Secondly, the angle of the UAV heading is calculated as θ_u, and the angle to be rotated in the environment coordinate system (clockwise is positive, counterclockwise is negative) is calculated, and the position coordinates of the target point are transformed to the vehicle coordinate system x′o′y′ by the rotation matrix. It can be calculated as

$$\{\begin{array}{c}\mathrm{\theta }=\frac{\mathrm{\pi }}{2}-{\mathrm{\theta }}_a\hfill \\ A=\left[\begin{array}{cc}\hfill \cos \mathrm{\theta }\hfill & \hfill -\sin \mathrm{\theta }\hfill \\ \hfill \sin \mathrm{\theta }\hfill & \hfill \cos \mathrm{\theta }\hfill \end{array}\right]\hfill \\ P_{rot}^T=A^{*}{P}_{tran}^T\hfill \end{array}.(18)$$

where θ_u is the heading angle of the aircraft and matrix _A is the rotation matrix.
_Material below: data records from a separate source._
text \<open>Forward / backward iteration of the recurrence
  x_{k+1} x_{k-1} = P1(x_k) (k even), P2(x_k) (k odd), starting from u = x_1, v = x_2.
  clus_fwd n = (x_{n+1}, x_{n+2}),  clus_bwd n = (x_{1-n}, x_{2-n}).\<close>
fun clus_fwd :: "'a::field poly \<Rightarrow> 'a poly \<Rightarrow> 'a \<Rightarrow> 'a \<Rightarrow> nat \<Rightarrow> 'a \<times> 'a" where
  "clus_fwd P1 P2 u v 0 = (u, v)"
| "clus_fwd P1 P2 u v (Suc n) =
     (case clus_fwd P1 P2 u v n of (a, b) \<Rightarrow> (b, poly (if even n then P1 else P2) b / a))"

fun clus_bwd :: "'a::field poly \<Rightarrow> 'a poly \<Rightarrow> 'a \<Rightarrow> 'a \<Rightarrow> nat \<Rightarrow> 'a \<times> 'a" where
  "clus_bwd P1 P2 u v 0 = (u, v)"
| "clus_bwd P1 P2 u v (Suc n) =
     (case clus_bwd P1 P2 u v n of (a, b) \<Rightarrow> (poly (if odd n then P1 else P2) a / b, a))"

definition clus_seq :: "'a::field poly \<Rightarrow> 'a poly \<Rightarrow> 'a \<Rightarrow> 'a \<Rightarrow> int \<Rightarrow> 'a" where
  "clus_seq P1 P2 u v k =
     (if k \<ge> 1 then fst (clus_fwd P1 P2 u v (nat (k - 1)))
      else fst (clus_bwd P1 P2 u v (nat (1 - k))))"

definition xvar :: "'a::linordered_field poly \<Rightarrow> 'a poly \<Rightarrow> int \<Rightarrow> 'a ratfun2" where
  "xvar P1 P2 k = clus_seq (map_poly rf_const P1) (map_poly rf_const P2) rf_x1 rf_x2 k"

inductive_set coeff_alg :: "'a::linordered_field poly \<Rightarrow> 'a poly \<Rightarrow> 'a set"
  for P1 P2 where
  one: "1 \<in> coeff_alg P1 P2"
| c1: "coeff P1 i \<in> coeff_alg P1 P2"
| c2: "coeff P2 i \<in> coeff_alg P1 P2"
| add: "a \<in> coeff_alg P1 P2 \<Longrightarrow> b \<in> coeff_alg P1 P2 \<Longrightarrow> a + b \<in> coeff_alg P1 P2"
| neg: "a \<in> coeff_alg P1 P2 \<Longrightarrow> - a \<in> coeff_alg P1 P2"
| mult: "a \<in> coeff_alg P1 P2 \<Longrightarrow> b \<in> coeff_alg P1 P2 \<Longrightarrow> a * b \<in> coeff_alg P1 P2"

definition coeff_alg_nonneg :: "'a::linordered_field poly \<Rightarrow> 'a poly \<Rightarrow> 'a set" where
  "coeff_alg_nonneg P1 P2 = coeff_alg P1 P2 \<inter> {c. c \<ge> 0}"

definition in_laurent :: "'a::linordered_field poly \<Rightarrow> 'a poly \<Rightarrow> 'a set \<Rightarrow> int \<Rightarrow> 'a ratfun2 \<Rightarrow> bool" where
  "in_laurent P1 P2 R k y \<longleftrightarrow>
     (\<exists>f :: int \<times> int \<Rightarrow> 'a. finite {e. f e \<noteq> 0} \<and> (\<forall>e. f e \<in> R) \<and>
        y = (\<Sum>(i, j)\<in>{e. f e \<noteq> 0}.
               rf_const (f (i, j)) * xvar P1 P2 k powi i * xvar P1 P2 (k + 1) powi j))"

definition cext :: "(nat \<Rightarrow> nat \<Rightarrow> 'a::zero) \<Rightarrow> int \<Rightarrow> int \<Rightarrow> 'a" where
  "cext c p q = (if p < 0 \<or> q < 0 then 0 else c (nat p) (nat q))"

definition compositions :: "nat \<Rightarrow> nat \<Rightarrow> (nat \<Rightarrow> nat) set" where
  "compositions r k = {ks. (\<forall>i. i \<notin> {1..r} \<longrightarrow> ks i = 0) \<and> (\<Sum>i=1..r. ks i) = k}"

text \<open>Multinomial (n; n-k, k_1,...,k_r) = binom(n,k) * k!/(k_1!...k_r!), k = sum k_i.\<close>
definition multinom :: "int \<Rightarrow> nat \<Rightarrow> (nat \<Rightarrow> nat) \<Rightarrow> 'a::field_char_0" where
  "multinom n r ks = (let k = (\<Sum>i=1..r. ks i) in
     ((of_int n :: 'a) gchoose k) * (fact k / (\<Prod>i=1..r. fact (ks i))))"

definition pos_part :: "'a::linordered_field \<Rightarrow> 'a" where
  "pos_part a = max a 0"

end

theory Submission
  imports Defs "HOL-Computational_Algebra.Polynomial_FPS" "HOL-Computational_Algebra.Polynomial_Factorial"
begin

text \<open>
  Multiplying the three Laurent expansions of \<open>x\<close> by a high power of \<open>x\<^sub>1 x\<^sub>2 P(x\<^sub>i)\<close> turns
  them into polynomial identities in \<open>x\<^sub>1, x\<^sub>2\<close>.  The expansion in \<open>(x\<^sub>1, x\<^sub>2)\<close> gives
  \<open>c(p,q) \<ge> 0\<close> at once.  In the expansion in \<open>(x\<^sub>0, x\<^sub>1)\<close>, where \<open>x\<^sub>0 = P\<^sub>2(x\<^sub>1)/x\<^sub>2\<close>,
  the coefficient of \<open>x\<^sub>2\<^bsup>q - a\<^sub>2\<^esup>\<close> shows that
  \<open>(\<Sum>\<^sub>p c(p,q) x\<^sub>1\<^sup>p) \<cdot> P\<^sub>2(x\<^sub>1)\<^bsup>-(a\<^sub>2 - q)\<^esup>\<close> is, up to a power of \<open>x\<^sub>1\<close>, a polynomial
  with nonnegative coefficients.  Writing \<open>P\<^sub>2 = 1 + Q\<close> with \<open>Q(0) = 0\<close> and expanding
  \<open>(1 + Q)\<^bsup>-(a\<^sub>2 - q)\<^esup>\<close> by the binomial and multinomial theorems, the \<open>p\<close>-th coefficient of
  this series is \<open>c(p,q)\<close> minus the first sum of the statement.  The expansion in
  \<open>(x\<^sub>2, x\<^sub>3)\<close>, where \<open>x\<^sub>3 = P\<^sub>1(x\<^sub>2)/x\<^sub>1\<close>, gives the second sum in the same way.
\<close>

unbundle fps_syntax

section \<open>Multinomial expansion\<close>

lemma finite_compositions: "finite (compositions r k)"
proof (rule finite_subset)
  show "compositions r k \<subseteq> {ks. \<forall>i. (i \<in> {1..r} \<longrightarrow> ks i \<in> {0..k}) \<and> (i \<notin> {1..r} \<longrightarrow> ks i = 0)}"
    by (auto simp: compositions_def simp del: atLeastAtMost_iff)
      (simp add: member_le_sum)
  show "finite \<dots>"
    by (rule finite_set_of_finite_funs) simp_all
qed

lemma compositions_0_right: "compositions r 0 = {\<lambda>_. 0}"
  by (auto simp: compositions_def fun_eq_iff) (metis atLeastAtMost_iff)

lemma compositions_Suc_bij:
  "bij_betw (\<lambda>(t, ks). ks(Suc r := t)) (SIGMA t:{..k}. compositions r (k - t)) (compositions (Suc r) k)"
proof (rule bij_betw_byWitness[where f' = "\<lambda>ks. (ks (Suc r), ks(Suc r := 0))"])
  have upd: "(\<Sum>i=1..r. (ks(Suc r := t)) i) = (\<Sum>i=1..r. ks i)" for ks :: "nat \<Rightarrow> nat" and t
    by (rule sum.cong) auto
  show "(\<lambda>(t, ks). ks(Suc r := t)) ` (SIGMA t:{..k}. compositions r (k - t)) \<subseteq> compositions (Suc r) k"
    by (clarsimp simp: compositions_def upd) (metis atLeastAtMost_iff le_Suc_eq)
  show "(\<lambda>ks. (ks (Suc r), ks(Suc r := 0))) ` compositions (Suc r) k \<subseteq> (SIGMA t:{..k}. compositions r (k - t))"
    by (clarsimp simp: compositions_def upd) (auto simp: le_Suc_eq)
qed (auto simp: compositions_def fun_eq_iff)

definition multinomial_coeff :: "nat \<Rightarrow> (nat \<Rightarrow> nat) \<Rightarrow> 'a::field_char_0" where
  "multinomial_coeff r ks = fact (\<Sum>i=1..r. ks i) / (\<Prod>i=1..r. fact (ks i))"

definition weight :: "nat \<Rightarrow> (nat \<Rightarrow> nat) \<Rightarrow> nat" where
  "weight r ks = (\<Sum>i=1..r. i * ks i)"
Finally, the coordinate data is calculated as

$$P_g^{\prime }=\frac{P_{rot}}{\sqrt{M_x^2+M_y^2}}(19)$$

Relative position relationship of recent obstacles $P_g^{\prime }$

Excessive environmental information is not conducive to the learning of the algorithm, and there are many obstacles to the environment. In this paper, only the coordinate position information of the obstacle closest to the agent in the aircraft coordinate system is input. The calculation method is the same as $P_g^{\prime }$, and the value range of each dimension is still [-1,1].

Relative range information L′

The flight range of the UAV is constrained by the maximum flight range L_max. Taking the ratio of the flight range information to the maximum flight range as the input can prevent the aircraft from failure due to excessive flight range or long flight time and approach the target area more quickly. It can be written as

$$L^{\prime }=\frac{\sum l_i}{L_{\max }}.(20)$$

where l_i is the minimum step size of the UAV flight.
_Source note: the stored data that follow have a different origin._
lemma rat_coords_unique:
  assumes "r \<notin> \<rat>" and "of_rat a + of_rat b * r = of_rat a' + of_rat b' * r"
  shows "a = a' \<and> b = b'"
proof (cases "b = b'")
  case True
  then show ?thesis using assms(2) by simp
next
  case False
  have "(of_rat b - of_rat b') * r = of_rat a' - of_rat a"
    using assms(2) by (simp add: algebra_simps)
  then have "r = of_rat ((a' - a) / (b - b'))"
    using False by (simp add: field_simps of_rat_diff of_rat_divide)
  with assms(1) show ?thesis by (metis Rats_of_rat)
qed

lemma qconj_rat_coords:
  assumes "real_quadratic_field d"
  shows "qconj d (of_rat a + of_rat b * sqrt (of_int d)) = of_rat a - of_rat b * sqrt (of_int d)"
proof -
  have "sqrt (of_int d) \<notin> \<rat>"
    using assms sqrt_squarefree_not_rat by (simp add: real_quadratic_field_def)
  then show ?thesis
    unfolding qconj_def by (intro the_equality) (auto dest: rat_coords_unique)
qed

lemma OK_half_integer_coords:
  assumes "real_quadratic_field d" and "s \<in> OK d"
  obtains p q :: int where "s = (p + q * sqrt (of_int d)) / 2"
    and "qconj d s = (p - q * sqrt (of_int d)) / 2"
proof -
  obtain a b :: int where s: "s = a + b * omegaK d" using assms(2) unfolding OK_def by blast
  define p q :: int where "p = (if d mod 4 = 1 then 2 * a + b else 2 * a)"
    and "q = (if d mod 4 = 1 then b else 2 * b)"
  have of_rat_half: "of_rat (of_int k / 2) = (of_int k / 2 :: real)" for k :: int
    by (simp add: of_rat_divide)
  have "s = (p + q * sqrt (of_int d)) / 2"
    by (simp add: s omegaK_def p_def q_def field_simps)
  moreover have "qconj d s = (p - q * sqrt (of_int d)) / 2"
    using calculation qconj_rat_coords[OF assms(1), of "of_int p / 2" "of_int q / 2"]
    by (simp add: of_rat_half add_divide_distrib diff_divide_distrib)
  ultimately show ?thesis by (rule that)
qed

lemma card_lattice_strip_le:
  fixes T :: "(int \<times> int) set" and M l :: real and L :: "int \<Rightarrow> real"
  assumes T: "\<And>p q. (p, q) \<in> T \<Longrightarrow> 0 \<le> p \<and> p \<le> M \<and> L p \<le> q \<and> q \<le> L p + l"
    and "0 \<le> l" and "0 \<le> M"
  shows "finite T" and "card T \<le> (M + 1) * (l + 1)"
proof -
  define B where "B p = {\<lceil>L p\<rceil>..\<lfloor>L p + l\<rfloor>}" for p
  define G where "G = Sigma {0..\<lfloor>M\<rfloor>} B"
  have sub: "T \<subseteq> G"
  proof
    fix z assume "z \<in> T"
    then obtain p q where z: "z = (p, q)" and "(p, q) \<in> T" by (cases z) auto
    with T have "0 \<le> p" "p \<le> \<lfloor>M\<rfloor>" "\<lceil>L p\<rceil> \<le> q" "q \<le> \<lfloor>L p + l\<rfloor>"
      by (auto simp: le_floor_iff ceiling_le_iff)
    then show "z \<in> G" unfolding G_def B_def z by auto
  qed
  have fin: "finite G" unfolding G_def B_def by auto
  then show "finite T" using finite_subset[OF sub] by blast
  have card_B: "card (B p) \<le> l + 1" for p
  proof -
    have "card (B p) = nat (\<lfloor>L p + l\<rfloor> - \<lceil>L p\<rceil> + 1)" unfolding B_def by simp
    also have "\<dots> \<le> l + 1"
      using of_int_floor_le[of "L p + l"] le_of_int_ceiling[of "L p"] \<open>0 \<le> l\<close> by linarith
    finally show ?thesis .
  qed
  have "real (card T) \<le> card G" using card_mono[OF fin sub] by simp
  also have "\<dots> = (\<Sum>p\<in>{0..\<lfloor>M\<rfloor>}. real (card (B p)))"
    unfolding G_def B_def by (subst card_SigmaI) auto
  also have "\<dots> \<le> (\<Sum>p\<in>{0..\<lfloor>M\<rfloor>}. l + 1)" by (rule sum_mono) (rule card_B)
  also have "\<dots> = (of_int \<lfloor>M\<rfloor> + 1) * (l + 1)" using \<open>0 \<le> M\<close> by simp
  also have "\<dots> \<le> (M + 1) * (l + 1)" using \<open>0 \<le> l\<close> by (intro mult_right_mono) auto
  finally show "card T \<le> (M + 1) * (l + 1)" .
qed

definition in_sector :: "real \<Rightarrow> real \<Rightarrow> real \<Rightarrow> real \<Rightarrow> real \<Rightarrow> bool" where
  "in_sector \<alpha> \<beta> M u v \<longleftrightarrow> 0 < v \<and> \<alpha> * v \<le> u \<and> u \<le> \<beta> * v \<and> u + v \<le> M"

text \<open>In the coordinates \<open>u + v\<close>, \<open>u - v\<close> a sector of opening \<open>\<beta> - \<alpha>\<close> is a strip of width
  \<open>O(M (\<beta> - \<alpha>))\<close> above the line of slope \<open>(\<alpha> - 1) / (\<alpha> + 1)\<close>.\<close>
lemma in_sector_diff_bounds:
  assumes "in_sector \<alpha> \<beta> M u v" and "0 < \<alpha>"
  shows "(u + v) * ((\<alpha> - 1) / (\<alpha> + 1)) \<le> u - v"
    and "u - v \<le> (u + v) * ((\<alpha> - 1) / (\<alpha> + 1)) + 2 * M * (\<beta> - \<alpha>)"
proof -
  have v: "0 < v" "\<alpha> * v \<le> u" "u \<le> \<beta> * v" "u + v \<le> M"
    using assms(1) by (auto simp: in_sector_def)
  have excess: "u - v - (u + v) * ((\<alpha> - 1) / (\<alpha> + 1)) = 2 * (u - \<alpha> * v) / (\<alpha> + 1)"
    using assms(2) by (simp add: field_simps)
  have "0 \<le> u - \<alpha> * v" using v by simp
  then have "0 \<le> 2 * (u - \<alpha> * v) / (\<alpha> + 1)" using assms(2) by simp
  then show "(u + v) * ((\<alpha> - 1) / (\<alpha> + 1)) \<le> u - v"
    using excess by linarith
  have "v \<le> M" using v assms(2) mult_pos_pos[of \<alpha> v] by linarith
  have "\<alpha> \<le> \<beta>" using mult_right_le_imp_le[of \<alpha> v \<beta>] v by linarith
  have "2 * (u - \<alpha> * v) / (\<alpha> + 1) \<le> 2 * (u - \<alpha> * v) / 1"
    using \<open>0 \<le> u - \<alpha> * v\<close> assms(2) by (intro divide_left_mono) auto
  also have "\<dots> \<le> 2 * ((\<beta> - \<alpha>) * v)" using v by (simp add: algebra_simps)
  also have "\<dots> \<le> 2 * ((\<beta> - \<alpha>) * M)"
    using \<open>v \<le> M\<close> \<open>\<alpha> \<le> \<beta>\<close> by (intro mult_left_mono) auto
  also have "\<dots> = 2 * M * (\<beta> - \<alpha>)" by simp
  finally show "u - v \<le> (u + v) * ((\<alpha> - 1) / (\<alpha> + 1)) + 2 * M * (\<beta> - \<alpha>)"
    using excess by linarith
qed

lemma card_sector_lattice_le:
  fixes c1 c2 \<alpha> \<beta> M :: real
  assumes "1 \<le> c1" and "1 \<le> c2" and "0 < \<alpha>" and "\<alpha> \<le> \<beta>" and "0 \<le> M"
  defines "P \<equiv> {(m :: int, n :: int). in_sector \<alpha> \<beta> M ((m * c1 + n * c2) / 2) ((m * c1 - n * c2) / 2)}"
  shows "finite P" and "card P \<le> (M + 1) * (2 * M * (\<beta> - \<alpha>) + 1)"
proof -
  define A where "A = (\<alpha> - 1) / (\<alpha> + 1)"
  define l where "l = 2 * M * (\<beta> - \<alpha>)"
  have "0 \<le> l" using assms by (simp add: l_def)
  have strip: "0 \<le> m \<and> m \<le> M \<and> m * c1 * A / c2 \<le> n \<and> n \<le> m * c1 * A / c2 + l"
    if "(m, n) \<in> P" for m n
  proof -
    define u v where "u = (m * c1 + n * c2) / 2" and "v = (m * c1 - n * c2) / 2"
    have sec: "in_sector \<alpha> \<beta> M u v" using that by (simp add: P_def u_def v_def)
    have uv: "u + v = m * c1" "u - v = n * c2" by (simp_all add: u_def v_def field_simps)
    have "0 < v" "\<alpha> * v \<le> u" "u + v \<le> M" and "0 < \<alpha> * v"
      using sec assms(3) by (auto simp: in_sector_def)
    then have "0 \<le> m * c1" "m * c1 \<le> M" using uv by linarith+
    then have "0 \<le> m" and "m \<le> M"
      using assms(1) mult_left_mono[of 1 c1 "real_of_int m"] by (simp_all add: zero_le_mult_iff)
    moreover have "m * c1 * A / c2 \<le> n" and "n \<le> m * c1 * A / c2 + l"
    proof -
      have lo: "m * c1 * A \<le> n * c2" and hi: "n * c2 \<le> m * c1 * A + l"
        using in_sector_diff_bounds[OF sec assms(3)] uv by (simp_all add: A_def l_def)
      from lo show "m * c1 * A / c2 \<le> n" using assms(2) by (simp add: pos_divide_le_eq)
      from hi have "n \<le> (m * c1 * A + l) / c2" using assms(2) by (simp add: pos_le_divide_eq)
      moreover have "(m * c1 * A + l) / c2 = m * c1 * A / c2 + l / c2" by (rule add_divide_distrib)
      moreover have "l / c2 \<le> l / 1" using assms(2) \<open>0 \<le> l\<close> by (intro divide_left_mono) auto
      ultimately show "n \<le> m * c1 * A / c2 + l" by simp
    qed
    ultimately show ?thesis by simp
  qed
  show "finite P" and "card P \<le> (M + 1) * (2 * M * (\<beta> - \<alpha>) + 1)"
    using card_lattice_strip_le[of P M "\<lambda>m. m * c1 * A / c2" l] strip \<open>0 \<le> l\<close> assms(5)
    by (auto simp: l_def)
qed

definition conj_ratio :: "int \<Rightarrow> real \<Rightarrow> real" where
  "conj_ratio d s = s / \<bar>qconj d s\<bar>"

lemma S_set_conj_ratio:
  assumes "s \<in> S_set d \<epsilon> x" and "\<epsilon> > 1"
  shows "0 < s" and "0 < \<bar>qconj d s\<bar>"
    and "1 / \<epsilon> < conj_ratio d s" and "conj_ratio d s \<le> \<epsilon>"
    and "W d \<epsilon> s = ln (conj_ratio d s) / (2 * ln \<epsilon>)"
proof -
  have lo: "\<bar>qconj d s\<bar> / \<epsilon> < \<bar>s\<bar>" and hi: "\<bar>s\<bar> \<le> \<epsilon> * \<bar>qconj d s\<bar>" and "0 < s"
    using assms(1) unfolding S_set_def by auto
  then show "0 < s" and "0 < \<bar>qconj d s\<bar>" by auto
  with lo hi assms(2) show "1 / \<epsilon> < conj_ratio d s" and "conj_ratio d s \<le> \<epsilon>"
    by (simp_all add: conj_ratio_def field_simps)
  show "W d \<epsilon> s = ln (conj_ratio d s) / (2 * ln \<epsilon>)"
    using \<open>0 < s\<close> by (simp add: W_def conj_ratio_def abs_divide)
qed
Potential field information $U_f^{\prime }$

In reinforcement learning algorithms, the dimension of input observation cannot be too large, otherwise it will lead to neural network learning difficult, and it is difficult to extract useful information from input. However, it is difficult to obtain the optimal decision results with less input information, and the algorithm will be difficult to converge. Therefore, it is necessary to take a suitable number of probe points [p₁,p₂,⋯,p_n−1,p_n] near the location point of the agent. The improved potential energy calculation method is used to calculate the potential energy value U_f of each detection point, and then the obtained potential field information data are normalized by Formula 21 to obtain the potential energy observation data $U_f^{\prime }$ with the value range of [0, 1], which is used as part of the input algorithm of the observation data for training. It can be calculated as

$$U_f^{\prime }=\frac{U_i-U_{\min }}{U_{\max }-U_{\min }}(21)$$

The Fixed-wing UAV can only move forward, so based on the flight direction of the UAV, the environmental potential field information in the range is more useful for the UAV. Taking into account the calculation speed and training effect of the algorithm, such as Figure 5, in this range, five detection directions are taken at equal angles, five detection points are taken at equal intervals in each detection direction, and a position point is added to a total of 26 potential field detection points. In this paper, the interval distance of potential detection points is set equal to the step size of the UAV.

FIGURE 5

Figure 5. Potential field detection model.

Action space

The research object of this paper is the fixed-wing UAV, so there is no backward motion in the flight process. In order to make the experiment consistent with the actual situation as much as possible, the action space is designed as continuous action, and the control quantity is the angle of the UAV at the track point. Affected by its own aerodynamic characteristics, the horizontal turning angle of the UAV at each track point cannot exceed the limit of the maximum turning angle. Otherwise, it will lead to instability of the aircraft serious consequences. As shown in Figure 6, the actual turning angle of the aircraft is limited by the maximum turning angle α_max.

FIGURE 6

Figure 6. Diagram of turning angle.

Assuming that α_max is known, A_i is the direction vector of track segment i on the x and y axes, and its expression is A_i = (x_i, y_i), (i = 1, 2,…, N), then the relationship between the actual turning angle α and α_max of UAV is written as

$$\{\begin{array}{c}{\alpha }_i=\frac{A_i^T\cdot A_{i+1}}{||A_i||\cdot ||A_{i+1}||}.\hfill \\ -{\alpha }_{\max }\le {\alpha }_i\le {\alpha }_{\max }\hfill \end{array}(22)$$

Within the maximum turning angle limit, the smaller the turning angle of the UAV is, the better the smoothness of the flight trajectory is, but the maneuverability will deteriorate accordingly. Therefore, considering all kinds of factors, the limit of turning angle is [−15^°,15^°].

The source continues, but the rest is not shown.